Two AP Fraud Cases That Expose Dangerous Internal Control Gaps

Two AP Fraud Cases That Expose Dangerous Internal Control Gaps

Years ago, we shared the story of an accounts payable clerk who was sentenced to 7 years in prison for embezzling $545,000 from a New Jersey auto dealership. It served as a stark reminder of how vulnerable an organization becomes when internal controls lapse.

Illustration of an accounts payable fraud investigation with internal control warning elements

To this day, the core risk factors remain exactly the same. Accounts payable professionals continue to find themselves on the front lines of defense against occupational fraud. Here are two recent high-profile federal cases that demonstrate why robust internal audit tracks and rigid segregation of duties are non-negotiable in any finance department:

Case #1: The $24 Million Casino AP Manager

An Accounts Payable Manager for Muscogee Nation Gaming Enterprises LLC in Oklahoma exploited top-tier AP authority to systematically siphon off more than $24 million. By altering company records and falsifying documents, the individual bypassed standard operational tracking. In October 2025, the former AP manager was sentenced to nearly 8 years in federal prison and ordered to pay millions in restitution to the former employer and the IRS.
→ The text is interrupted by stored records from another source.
lemma crown_label_less:
  assumes "i < n"
  shows "crown_label g i < n"
proof -
  have "crown_label g i < 2 * (k + 1)"
    using assms label_less[of i] label_less[OF partner_in_left_part, of i]
    by (auto simp: crown_label_def left_part_def)
  then show ?thesis by (simp add: order_eq)
qed

lemma inj_on_crown_label: "inj_on (crown_label g) {0..<n}"
proof (rule inj_on_by_parts)
  show "inj_on (crown_label g) left_part"
    using bij_betw_imp_inj_on[OF g] by (auto simp: inj_on_def crown_label_def left_part_def)
  have "inj_on (g \<circ> partner) right_part"
    using bij_betw_imp_inj_on[OF bij_betw_trans[OF bij_betw_partner(2) g]] .
  then show "inj_on (crown_label g) right_part"
    by (auto simp: inj_on_def crown_label_def right_part_def)
  show "crown_label g i \<noteq> crown_label g j" if "i \<in> left_part" "j \<in> right_part" for i j
    using label_less[OF that(1)] that by (auto simp: crown_label_def left_part_def right_part_def)
qed

lemma adj_iff_crown_label_across:
  assumes "i \<in> left_part" "j \<in> right_part"
  shows "E i j \<longleftrightarrow> crown (k + 1) (crown_label g i) (crown_label g j)"
proof -
  have ij: "i < n" "j < n" "i \<in> S" "j \<notin> S"
    using assms by (auto simp: left_part_def right_part_def)
  have "crown (k + 1) (crown_label g i) (crown_label g j) \<longleftrightarrow> g (partner j) \<noteq> g i"
    using ij label_less[OF assms(1)] label_less[OF partner_in_left_part[OF ij(2,4)]]
    by (auto simp: crown_label_def crown_def)
  also have "\<dots> \<longleftrightarrow> partner j \<noteq> i"
    using bij_betw_imp_inj_on[OF g] partner_in_left_part[OF ij(2,4)] assms(1)
    by (auto dest: inj_onD)
  also have "\<dots> \<longleftrightarrow> j \<noteq> partner i"
    using partner_partner ij by metis
  also have "\<dots> \<longleftrightarrow> E i j"
    using adj_iff_not_partner[OF ij(1,2)] ij by (auto simp: other_part_def right_part_def)
  finally show ?thesis by simp
qed

lemma adj_iff_crown_label:
  assumes "i < n" "j < n"
  shows "E i j \<longleftrightarrow> crown (k + 1) (crown_label g i) (crown_label g j)"
proof (cases "i \<in> S"; cases "j \<in> S")
  assume "i \<in> S" "j \<in> S"
  then show ?thesis
    using bipartition[OF assms] label_less[of i] label_less[of j] assms
    by (auto simp: crown_label_def crown_def left_part_def)
next
  assume "i \<in> S" "j \<notin> S"
  then show ?thesis
    using adj_iff_crown_label_across assms by (simp add: left_part_def right_part_def)
next
  assume "i \<notin> S" "j \<in> S"
  then have "E j i \<longleftrightarrow> crown (k + 1) (crown_label g j) (crown_label g i)"
    using adj_iff_crown_label_across assms by (simp add: left_part_def right_part_def)
  then show ?thesis using adj_sym assms by (auto simp: crown_def)
next
  assume "i \<notin> S" "j \<notin> S"
  then show ?thesis
    using bipartition[OF assms] by (auto simp: crown_label_def crown_def)
qed

end

lemma graph_iso_crown: "graph_iso n E n (crown (k + 1))"
proof -
  obtain g where g: "bij_betw g left_part {0..<k + 1}"
    using ex_bij_betw_finite_nat[OF finite_parts(1)] card_left_part by auto
  show ?thesis
    by (rule graph_iso_of_inj_on[where F = "crown (k + 1)", OF inj_on_crown_label[OF g]
          crown_label_less[OF g] adj_iff_crown_label[OF g]])
qed

end

section \<open>Classification\<close>

context regular_bipartite_graph
begin

lemma graph_iso_crown_iff:
  "(\<exists>t\<ge>2. graph_iso n E (2 * t) (crown t)) \<longleftrightarrow> 0 < k \<and> n = 2 * k + 2"
proof
  assume "\<exists>t\<ge>2. graph_iso n E (2 * t) (crown t)"
  then obtain t where t: "2 \<le> t" "graph_iso n E (2 * t) (crown t)" by blast
  have "n = 2 * t" using graph_iso_order[OF t(2)] .
  moreover have "k = t - 1"
    using graph_iso_degree[OF t(2) card_neighbours_crown, of 0] degree[of 0] \<open>n = 2 * t\<close> t(1)
    by simp
  ultimately show "0 < k \<and> n = 2 * k + 2" using t(1) by simp
next
  assume "0 < k \<and> n = 2 * k + 2"
  then interpret crown_like_graph n E k S by unfold_locales auto
  have "graph_iso n E (2 * (k + 1)) (crown (k + 1))"
    using graph_iso_crown order_eq by simp
  then show "\<exists>t\<ge>2. graph_iso n E (2 * t) (crown t)"
    using degree_pos by (intro exI[of _ "k + 1"]) auto
qed

lemma energy_eq_complement_iff:
  assumes "2 \<le> n"
  shows "graph_energy n E = graph_energy n (complement_graph n E)
    \<longleftrightarrow> (n = 4 \<and> k = 2) \<or> (0 < k \<and> n = 2 * k + 2)"
proof -
  consider "k = 0 \<or> 2 * k + 4 \<le> n" | "0 < k" "n = 2 * k" | "0 < k" "n = 2 * k + 2"
    using degree_cases by auto
  then show ?thesis
  proof cases
    case 1
    then show ?thesis using energy_lt_complement[OF assms] by auto
  next
    case 2
    then show ?thesis using energy_complement_diff_complete_bipartite by auto
  next
    case 3
    then interpret crown_like_graph n E k S by unfold_locales
    show ?thesis using energy_eq_complement 3 by simp
  qed
qed

lemma integral_not_isospectral:
  assumes "(n = 4 \<and> k = 2) \<or> (0 < k \<and> n = 2 * k + 2)"
  shows "integral_graph n E \<and> integral_graph n (complement_graph n E)
    \<and> \<not> isospectral n E n (complement_graph n E)"
proof -
  from assms have "integral_graph n E \<and> of_nat n - 1 - of_nat k \<notin># adj_spectrum n E"
  proof
    assume nk: "n = 4 \<and> k = 2"
    then have vals: "x = 0 \<or> x = 2 \<or> x = - 2" if "x \<in># adj_spectrum n E" for x
      using adj_spectrum_complete_bipartite[of x] that by simp
    then have "integral_graph n E"
      unfolding integral_graph_def by fastforce
    moreover have "(1 :: complex) \<notin># adj_spectrum n E"
      using vals by fastforce
    ultimately show ?thesis using nk by simp
  next
    assume "0 < k \<and> n = 2 * k + 2"
    then interpret crown_like_graph n E k S by unfold_locales auto
    show ?thesis using integral_crown complement_top_not_in_adj_spectrum by blast
  qed
  then show ?thesis
    using integral_complement not_isospectral_complement by blast
qed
Key Vulnerability: Lack of regular external transaction reconciliation and concentrated systemic oversight permissions.

Case #2: The Vendor Payment Manipulation

A former Accounts Payable Clerk for Décor Craft, Inc. in Rhode Island abused access to company bank codes intended for legitimate vendor wire transfers. Instead of paying suppliers, the employee rerouted partial or full balances into personal bank accounts to pay off personal creditors, manually altering the ledger to falsely show complete fulfillment. The former clerk was sentenced to 18 months in federal prison and ordered to pay over $302,000 in restitution.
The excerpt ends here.